Kareus Therapeutics SA ("Kareus" or the "Company"), the private biotechnology company focused on the development of novel therapeutics for the unmet treatment of age-related and chronic diseases, today announces the start of a Phase I clinical study following the Investigational New Drug (IND) approval from the US Food and Drug Administration for the development of KU-046, a first-in-class disease modifying new chemical entity discovered for the treatment of Alzheimer's disease using Kareus' proprietary bioenergetics and KARLECT platforms.

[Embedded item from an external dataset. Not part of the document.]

(* Let $(\Delta,\mathfrak o,m,q)$ be a quantized Brauer graph. Then there exist a finite abelian group $G$ and a Brauer weighting $W:\mathcal Z_\Delta\to G$ of $(\Delta,\mathfrak o,m,q)$ such that the graph $\Delta_W$ of the quantized Brauer covering graph $(\Delta_W,\mathfrak o_W,m_W,q_W)$ contains no loops.
   Context: Brauer graphs. A Brauer graph $(\Delta,\mathfrak o,m)$ is a finite connected graph $\Delta$ (loops and multiple edges allowed) with vertex set $\Delta_0$, edge set $\Delta_1$ and at least one edge, together with a multiplicity function $m:\Delta_0\to\mathbb Z_{\ge 1}$ and, for each vertex $\mu$, a cyclic ordering $\mathfrak o$ of the edges incident with $\mu$. A loop at $\mu$ occurs twice in the cyclic ordering at $\mu$; its two occurrences are regarded as two distinct elements of $\Delta_1$ (each with its own successor). Edge $j$ is the successor of edge $i$ at $\mu$ if $j$ immediately follows $i$ in the cyclic ordering at $\mu$. The valency $\operatorname{val}(\mu)$ is the number of edges incident with $\mu$, loops counted twice; if $\operatorname{val}(\mu)=1$ the unique edge at $\mu$ is its own successor. An edge $i$ is truncated at its endpoint $\mu$ if $\operatorname{val}(\mu)=1$ and $m(\mu)=1$. Fix a field $K$. A quantized Brauer graph $(\Delta,\mathfrak o,m,q)$ is a Brauer graph with a function $q:\mathcal X_\Delta\to K\setminus\{0\}$, $(i,\mu)\mapsto q_{i,\mu}$, where $\mathcal X_\Delta$ is the set of pairs $(i,\mu)$ with $\mu$ an endpoint of $i$ and $i$ not truncated at either of its endpoints. Successor weightings. Let $G$ be a finite abelian group. For $\mu\in\Delta_0$ let $\mathcal Z_\mu$ be the set of pairs $(i,j)$ of edges with $j$ the successor of $i$ at $\mu$, and $\mathcal Z_\Delta=\bigsqcup_{\mu\in\Delta_0}\mathcal Z_\mu$ (disjoint union). A successor weighting is a function $W:\mathcal Z_\Delta\to G$. Put $\omega_\mu=\prod_{(i,j)\in\mathcal Z_\mu}W(i,j)$, let $\operatorname{ord}(\mu)$ be the order of $\omega_\mu$ in $G$, and $H_\mu=\langle\omega_\mu\rangle$. $W$ is a Brauer weighting if $\operatorname{ord}(\mu)$ divides $m(\mu)$ for all $\mu\in\Delta_0$. For each $\mu$, $\sim$ is the equivalence relation on the set of pairs $(i,H_\mu g)$ ($i$ incident with $\mu$, $g\in G$) generated by $(i,H_\mu g)\sim(j,H_\mu gW(i,j))$ whenever $j$ is the successor of $i$ at $\mu$; the class of $(i,H_\mu g)$ is $[i,H_\mu g]$, and $\mathcal D_\mu$ is the set of classes. Brauer covering graph. The graph $\Delta_W$ has vertices $\mu_d$ ($\mu\in\Delta_0$, $d\in\mathcal D_\mu$) and edges $i_g$ ($i\in\Delta_1$, $g\in G$). If $i$ has endpoints $\mu$ and $\nu$, then $i_g$ has endpoints $\mu_{[i,H_\mu g]}$ and $\nu_{[i,H_\nu g]}$; if $i$ is a loop at $\mu$ with its two occurrences $i,\hat i$, then $i_g$ has endpoints $\mu_{[i,H_\mu g]}$ and $\mu_{[\hat i,H_\mu g]}$. The cyclic ordering $\mathfrak o_W$ is defined by: if $j$ is the successor of $i$ at $\mu$, then $j_{gW(i,j)}$ is the successor of $i_g$ at $\mu_{[i,H_\mu g]}$. For a Brauer weighting, $m_W(\mu_d)=m(\mu)/\operatorname{ord}(\mu)$; $(\Delta_W,\mathfrak o_W,m_W)$ is the Brauer covering graph. Given a quantizing function $q$ on $\Delta$, $q_W(i_g,\mu_d)=q_{i,\mu}$, and $(\Delta_W,\mathfrak o_W,m_W,q_W)$ is the quantized Brauer covering graph. *)

theory Defs
  imports "HOL-Algebra.Algebra"
begin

The Phase I clinical trial is a randomised, double-blind, placebo-controlled two-part study to assess the safety, tolerability and pharmacokinetics of single ascending oral doses and of multiple ascending oral doses of KU-046 in 54 healthy young volunteers. The study is being conducted by Quintiles, the world's leading biopharmaceutical service provider, at its Phase I Unit at Overland Park in Kansas, US.
Kareus has developed a pipeline of novel molecules targeting diseases of the central nervous system based on its proprietary KARLECT chemistry and drug discovery platforms which target dysfunctional energy production in neurons. KU-046 targets bioenergetics pathways upstream from the increased abeta peptide production found in Alzheimer's disease. It has demonstrated significant improvement in cognition in a number of pre-clinical models.